_TASK STATEMENT_. Set down the records below in full, exactly as they read.

_INPUT DATA_.
lemma has_real_derivative_shifted_power_div:
  "((\<lambda>s. (s - a) ^ Suc n / real (Suc n)) has_real_derivative (x - a) ^ n) (at x)"
proof -
  have "((\<lambda>s. (s - a) ^ Suc n) has_real_derivative real (Suc n) * (x - a) ^ n) (at x)"
    using DERIV_power_Suc[OF DERIV_diff[OF DERIV_ident DERIV_const[of a]], where n = n] by simp
  from DERIV_cdivide[OF this, of "real (Suc n)"] show ?thesis by simp
qed

lemma has_radial_laplacian_lower_bound:
  assumes L: "has_radial_laplacian u u' v" and ab: "0 \<le> a" "a \<le> b" and C: "0 \<le> C"
    and v: "\<And>x. a < x \<Longrightarrow> x < b \<Longrightarrow> - C * (x - a) ^ n \<le> v x"
    and init: "0 \<le> a * u' a" "0 \<le> u a"
  shows "\<forall>r\<in>{a..b}. - C * r * ((r - a) ^ Suc n / real (Suc n)) \<le> r * u' r \<and>
    - C * ((r - a) ^ Suc (Suc n) / real (Suc n * Suc (Suc n))) \<le> u r"
proof
  fix r assume r: "r \<in> {a..b}"
  have cont: "continuous_on A u" "continuous_on A u'" for A
    using L continuous_on_subset unfolding has_radial_laplacian_def by blast+
  have deriv: "(u has_real_derivative u' x) (at x)" "((\<lambda>s. s * u' s) has_real_derivative x * v x) (at x)"
    if "a < x" "x < r" for x
    using L that ab unfolding has_radial_laplacian_def by auto
  define P where "P m s = (s - a) ^ Suc m / real (Suc m)" for m s
  have P: "(P m has_real_derivative (x - a) ^ m) (at x)" for m x
    unfolding P_def by (rule has_real_derivative_shifted_power_div)
  have P_nonneg: "0 \<le> P m x" if "a \<le> x" for m x
    using that unfolding P_def by simp
  have flux: "- C * x * P n x \<le> x * u' x" if x: "a \<le> x" "x \<le> r" for x
  proof -
    have "(\<lambda>s. s * u' s + C * s * P n s) a \<le> (\<lambda>s. s * u' s + C * s * P n s) x"
    proof (rule DERIV_nonneg_imp_increasing_open[OF x(1)])
      fix y assume y: "a < y" "y < x"
      have "((\<lambda>s. C * s * P n s) has_real_derivative C * P n y + C * y * (y - a) ^ n) (at y)"
        using DERIV_mult[OF DERIV_cmult[OF DERIV_ident, of C] P[of n y]] by (simp add: mult_ac)
      with deriv(2) y x have D: "((\<lambda>s. s * u' s + C * s * P n s) has_real_derivative
          y * v y + (C * P n y + C * y * (y - a) ^ n)) (at y)"
        by (intro DERIV_add) auto
      have "y * (- C * (y - a) ^ n) \<le> y * v y"
        using v[of y] y x r ab by (intro mult_left_mono) auto
      then have "- (C * y * (y - a) ^ n) \<le> y * v y" by (simp add: algebra_simps)
      moreover have "0 \<le> C * P n y" using C P_nonneg[of y n] y by simp
      ultimately have "0 \<le> y * v y + (C * P n y + C * y * (y - a) ^ n)" by linarith
      then show "\<exists>D. ((\<lambda>s. s * u' s + C * s * P n s) has_real_derivative D) (at y) \<and> 0 \<le> D"
        using D by blast
    qed (use x cont in \<open>auto intro!: continuous_intros simp: P_def\<close>)
    moreover have "P n a = 0" unfolding P_def by simp
    ultimately show ?thesis using init(1) by simp
  qed
  have "(\<lambda>s. u s + C / real (Suc n) * P (Suc n) s) a \<le> (\<lambda>s. u s + C / real (Suc n) * P (Suc n) s) r"
  proof (rule DERIV_nonneg_imp_increasing_open[where f = "\<lambda>s. u s + C / real (Suc n) * P (Suc n) s"])
    fix y assume y: "a < y" "y < r"
    have "y * (- C * P n y) \<le> y * u' y" using flux[of y] y by (simp add: algebra_simps)
    then have "- C * P n y \<le> u' y" by (rule mult_left_le_imp_le) (use y ab in auto)
    moreover have "C / real (Suc n) * (y - a) ^ Suc n = C * P n y" by (simp add: P_def)
    ultimately have "0 \<le> u' y + C / real (Suc n) * (y - a) ^ Suc n" by linarith
    moreover have "((\<lambda>s. u s + C / real (Suc n) * P (Suc n) s) has_real_derivative
        u' y + C / real (Suc n) * (y - a) ^ Suc n) (at y)"
      by (intro DERIV_add DERIV_cmult P deriv(1)) (use y in auto)
    ultimately show "\<exists>D. ((\<lambda>s. u s + C / real (Suc n) * P (Suc n) s) has_real_derivative D) (at y) \<and> 0 \<le> D"
      by blast
  qed (use r cont in \<open>auto intro!: continuous_intros simp: P_def\<close>)
  moreover have "P (Suc n) a = 0" unfolding P_def by simp
  moreover have "C / real (Suc n) * P (Suc n) r = C * ((r - a) ^ Suc (Suc n) / real (Suc n * Suc (Suc n)))"
    unfolding P_def of_nat_mult by (simp del: of_nat_Suc)
  ultimately have "- C * ((r - a) ^ Suc (Suc n) / real (Suc n * Suc (Suc n))) \<le> u r"
    using init(2) by simp
  moreover have "- C * r * ((r - a) ^ Suc n / real (Suc n)) \<le> r * u' r"
    using flux[of r] r by (simp add: P_def)
  ultimately show "- C * r * ((r - a) ^ Suc n / real (Suc n)) \<le> r * u' r \<and>
      - C * ((r - a) ^ Suc (Suc n) / real (Suc n * Suc (Suc n))) \<le> u r"
    by blast
qed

_YOUR SOLUTION_.
lemma has_real_derivative_shifted_power_div:
  "((\<lambda>s. (s - a) ^ Suc n / real (Suc n)) has_real_derivative (x - a) ^ n) (at x)"
proof -
  have "((\<lambda>s. (s - a) ^ Suc n) has_real_derivative real (Suc n) * (x - a) ^ n) (at x)"
    using DERIV_power_Suc[OF DERIV_diff[OF DERIV_ident DERIV_const[of a]], where n = n] by simp
  from DERIV_cdivide[OF this, of "real (Suc n)"] show ?thesis by simp
qed

lemma has_radial_laplacian_lower_bound:
  assumes L: "has_radial_laplacian u u' v" and ab: "0 \<le> a" "a \<le> b" and C: "0 \<le> C"
    and v: "\<And>x. a < x \<Longrightarrow> x < b \<Longrightarrow> - C * (x - a) ^ n \<le> v x"
    and init: "0 \<le> a * u' a" "0 \<le> u a"
  shows "\<forall>r\<in>{a..b}. - C * r * ((r - a) ^ Suc n / real (Suc n)) \<le> r * u' r \<and>
    - C * ((r - a) ^ Suc (Suc n) / real (Suc n * Suc (Suc n))) \<le> u r"
proof
  fix r assume r: "r \<in> {a..b}"
  have cont: "continuous_on A u" "continuous_on A u'" for A
    using L continuous_on_subset unfolding has_radial_laplacian_def by blast+
  have deriv: "(u has_real_derivative u' x) (at x)" "((\<lambda>s. s * u' s) has_real_derivative x * v x) (at x)"
    if "a < x" "x < r" for x
    using L that ab unfolding has_radial_laplacian_def by auto
  define P where "P m s = (s - a) ^ Suc m / real (Suc m)" for m s
  have P: "(P m has_real_derivative (x - a) ^ m) (at x)" for m x
    unfolding P_def by (rule has_real_derivative_shifted_power_div)
  have P_nonneg: "0 \<le> P m x" if "a \<le> x" for m x
    using that unfolding P_def by simp
  have flux: "- C * x * P n x \<le> x * u' x" if x: "a \<le> x" "x \<le> r" for x
  proof -
    have "(\<lambda>s. s * u' s + C * s * P n s) a \<le> (\<lambda>s. s * u' s + C * s * P n s) x"
    proof (rule DERIV_nonneg_imp_increasing_open[OF x(1)])
      fix y assume y: "a < y" "y < x"
      have "((\<lambda>s. C * s * P n s) has_real_derivative C * P n y + C * y * (y - a) ^ n) (at y)"
        using DERIV_mult[OF DERIV_cmult[OF DERIV_ident, of C] P[of n y]] by (simp add: mult_ac)
      with deriv(2) y x have D: "((\<lambda>s. s * u' s + C * s * P n s) has_real_derivative
          y * v y + (C * P n y + C * y * (y - a) ^ n)) (at y)"
        by (intro DERIV_add) auto
      have "y * (- C * (y - a) ^ n) \<le> y * v y"
        using v[of y] y x r ab by (intro mult_left_mono) auto
      then have "- (C * y * (y - a) ^ n) \<le> y * v y" by (simp add: algebra_simps)
      moreover have "0 \<le> C * P n y" using C P_nonneg[of y n] y by simp
      ultimately have "0 \<le> y * v y + (C * P n y + C * y * (y - a) ^ n)" by linarith
      then show "\<exists>D. ((\<lambda>s. s * u' s + C * s * P n s) has_real_derivative D) (at y) \<and> 0 \<le> D"
        using D by blast
    qed (use x cont in \<open>auto intro!: continuous_intros simp: P_def\<close>)
    moreover have "P n a = 0" unfolding P_def by simp
    ultimately show ?thesis using init(1) by simp
  qed
  have "(\<lambda>s. u s + C / real (Suc n) * P (Suc n) s) a \<le> (\<lambda>s. u s + C / real (Suc n) * P (Suc n) s) r"
  proof (rule DERIV_nonneg_imp_increasing_open[where f = "\<lambda>s. u s + C / real (Suc n) * P (Suc n) s"])
    fix y assume y: "a < y" "y < r"
    have "y * (- C * P n y) \<le> y * u' y" using flux[of y] y by (simp add: algebra_simps)
    then have "- C * P n y \<le> u' y" by (rule mult_left_le_imp_le) (use y ab in auto)
    moreover have "C / real (Suc n) * (y - a) ^ Suc n = C * P n y" by (simp add: P_def)
    ultimately have "0 \<le> u' y + C / real (Suc n) * (y - a) ^ Suc n" by linarith
    moreover have "((\<lambda>s. u s + C / real (Suc n) * P (Suc n) s) has_real_derivative
        u' y + C / real (Suc n) * (y - a) ^ Suc n) (at y)"
      by (intro DERIV_add DERIV_cmult P deriv(1)) (use y in auto)
    ultimately show "\<exists>D. ((\<lambda>s. u s + C / real (Suc n) * P (Suc n) s) has_real_derivative D) (at y) \<and> 0 \<le> D"
      by blast
  qed (use r cont in \<open>auto intro!: continuous_intros simp: P_def\<close>)
  moreover have "P (Suc n) a = 0" unfolding P_def by simp
  moreover have "C / real (Suc n) * P (Suc n) r = C * ((r - a) ^ Suc (Suc n) / real (Suc n * Suc (Suc n)))"
    unfolding P_def of_nat_mult by (simp del: of_nat_Suc)
  ultimately have "- C * ((r - a) ^ Suc (Suc n) / real (Suc n * Suc (Suc n))) \<le> u r"
    using init(2) by simp
  moreover have "- C * r * ((r - a) ^ Suc n / real (Suc n)) \<le> r * u' r"
    using flux[of r] r by (simp add: P_def)
  ultimately show "- C * r * ((r - a) ^ Suc n / real (Suc n)) \<le> r * u' r \<and>
      - C * ((r - a) ^ Suc (Suc n) / real (Suc n * Suc (Suc n))) \<le> u r"
    by blast
qed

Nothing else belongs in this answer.